I’ll comment on the talks I’ve considered most relevant, but just mentioned before that I think the contents were very well structured, with a good mix of technical and inspiring stuff. The keynotes were a great warm-up for a conference which I think tries to show the social aspects behind the BigData field and how it could help to acquire better knowledge in an era of access to the information we have never seen before.

The Talks

First of all, I think it’s worth sharing all the keynotes videos, but I would like to comment on the most remarkable ones, in my opinion.

Good Data, Good Values

It was a really inspiring talk, describing how Big Data can help to make a better world, supporting not so big companies and organizations to make sense the BigData they are generating. “No need to have big data for getting big insights”.

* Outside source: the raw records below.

lemma F_map_funpow_nbhd_path_subset:
  fixes f :: "real^'l \<Rightarrow> real^'m \<Rightarrow> real^'l"
    and f' :: "(real^'l) \<times> (real^'m) \<Rightarrow> (((real^'l) \<times> (real^'m)) \<Rightarrow>\<^sub>L (real^'l))"
    and Lam :: "real \<Rightarrow> real^'m" and X :: "real \<Rightarrow> real^'l"
    and M \<epsilon> D :: real and n :: nat
  defines "E \<equiv> (M + 1) ^ n * (\<epsilon> + real n * ((M + 1) * D))"
  assumes fixed: "\<And>s. f (X s) (Lam s) = X s"
    and norm_f': "\<And>s. norm (f' (X s, Lam s)) \<le> M" and "0 \<le> \<eta>" and "\<eta> \<le> 1"
    and remainder: "\<And>s q. norm (q - (X s, Lam s)) < \<delta> \<Longrightarrow>
      norm (f (fst q) (snd q) - X s - blinfun_apply (f' (X s, Lam s)) (q - (X s, Lam s)))
        \<le> \<eta> * norm (q - (X s, Lam s))"
    and contr: "\<And>s. onorm (Dx f' (X s) (Lam s) ^^ n) \<le> \<theta>"
    and params: "\<And>s k. k < n \<Longrightarrow> norm (Lam (s + real k * r) - Lam s) \<le> D" and "0 \<le> D"
    and drift: "\<And>s. norm (X (s + real n * r) - X s) \<le> (1 - \<theta>) * \<epsilon> / 2"
    and small: "E + D < \<delta>"
    and error: "(M + 1) ^ n * (real n * (M * D + \<eta> * (E + D))) \<le> (1 - \<theta>) * \<epsilon> / 2"
  shows "(F_map f Lam r ^^ n) ` nbhd_path X \<epsilon> \<subseteq> nbhd_path X \<epsilon>"
proof
  fix z assume "z \<in> (F_map f Lam r ^^ n) ` nbhd_path X \<epsilon>"
  then obtain s x where z: "z = (F_map f Lam r ^^ n) (s, x)" and x: "norm (x - X s) \<le> \<epsilon>"
    unfolding nbhd_path_def by auto
  let ?xs = "trajectory f Lam r s x" and ?A = "Dx f' (X s) (Lam s)"
  have near: "norm (?xs k - X s) \<le> E" if "k \<le> n" for k
    unfolding E_def
    by (rule orbit_norm_bound[where g = "\<lambda>q. f (fst q) (snd q)" and G = "f' (X s, Lam s)"
          and xs = ?xs and ls = "\<lambda>k. Lam (s + real k * r)" and \<eta> = \<eta> and \<delta> = \<delta>])
      (use fixed norm_f' x params small that \<open>0 \<le> \<eta>\<close> \<open>\<eta> \<le> 1\<close> \<open>0 \<le> D\<close>
        in \<open>auto simp: E_def intro: remainder\<close>)
  have "norm (?xs n - X s - (?A ^^ n) (x - X s)) \<le> (M + 1) ^ n * (real n * (M * D + \<eta> * (E + D)))"
    unfolding Dx_def
    by (rule orbit_linearization_error[where g = "\<lambda>q. f (fst q) (snd q)" and G = "f' (X s, Lam s)"
          and xs = ?xs and ls = "\<lambda>k. Lam (s + real k * r)" and \<eta> = \<eta> and \<delta> = \<delta>, simplified])
      (use fixed norm_f' params near small \<open>0 \<le> \<eta>\<close> \<open>0 \<le> D\<close> order_trans[OF norm_ge_zero near[of 0]]
        in \<open>auto intro: remainder\<close>)
  moreover have "norm ((?A ^^ n) (x - X s)) \<le> \<theta> * \<epsilon>"
  proof -
    have "norm ((?A ^^ n) (x - X s)) \<le> onorm (?A ^^ n) * norm (x - X s)"
      by (rule onorm[OF bounded_linear_funpow[OF Dx_bounded_linear]])
    also have "\<dots> \<le> \<theta> * norm (x - X s)"
      by (rule mult_right_mono[OF contr norm_ge_zero])
    also have "\<dots> \<le> \<theta> * \<epsilon>"
      using x order_trans[OF onorm_pos_le[OF bounded_linear_funpow[OF Dx_bounded_linear]] contr]
      by (rule mult_left_mono)
    finally show ?thesis .
  qed
  ultimately have "norm (?xs n - X (s + real n * r)) \<le> \<epsilon>"
    using drift[of s] error
      norm_triangle_ineq4[of "?xs n - X s - (?A ^^ n) (x - X s) + (?A ^^ n) (x - X s)" "X (s + real n * r) - X s"]
      norm_triangle_ineq[of "?xs n - X s - (?A ^^ n) (x - X s)" "(?A ^^ n) (x - X s)"]
    by (simp add: algebra_simps)
  then show "z \<in> nbhd_path X \<epsilon>"
    unfolding z F_map_funpow nbhd_path_def by simp
qed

The Great Railway Caper: Big Data in 1955

The talk was interesting because it explained very well what BigData is and which are the actual challenges:

  • Partitioning
  • Slow storage media.
  • Algorithms.
  • Lots of storage.

Current situation haven’t changed since 1955:

  • Not enough ram to solve the entire problem.
  • Algorithm doesn’t exits yet.
  • Machines busy for other stuff.
  • Secondary storage are slow.
  • Having to deal with tight deadlines.

Keynote by Liam Maxwell

The UK Government is really pushing for BigData and committed with the Open Data initiative. I would like to see the Spanish government to continue the efforts to increase the transparency and openness regarding the public data.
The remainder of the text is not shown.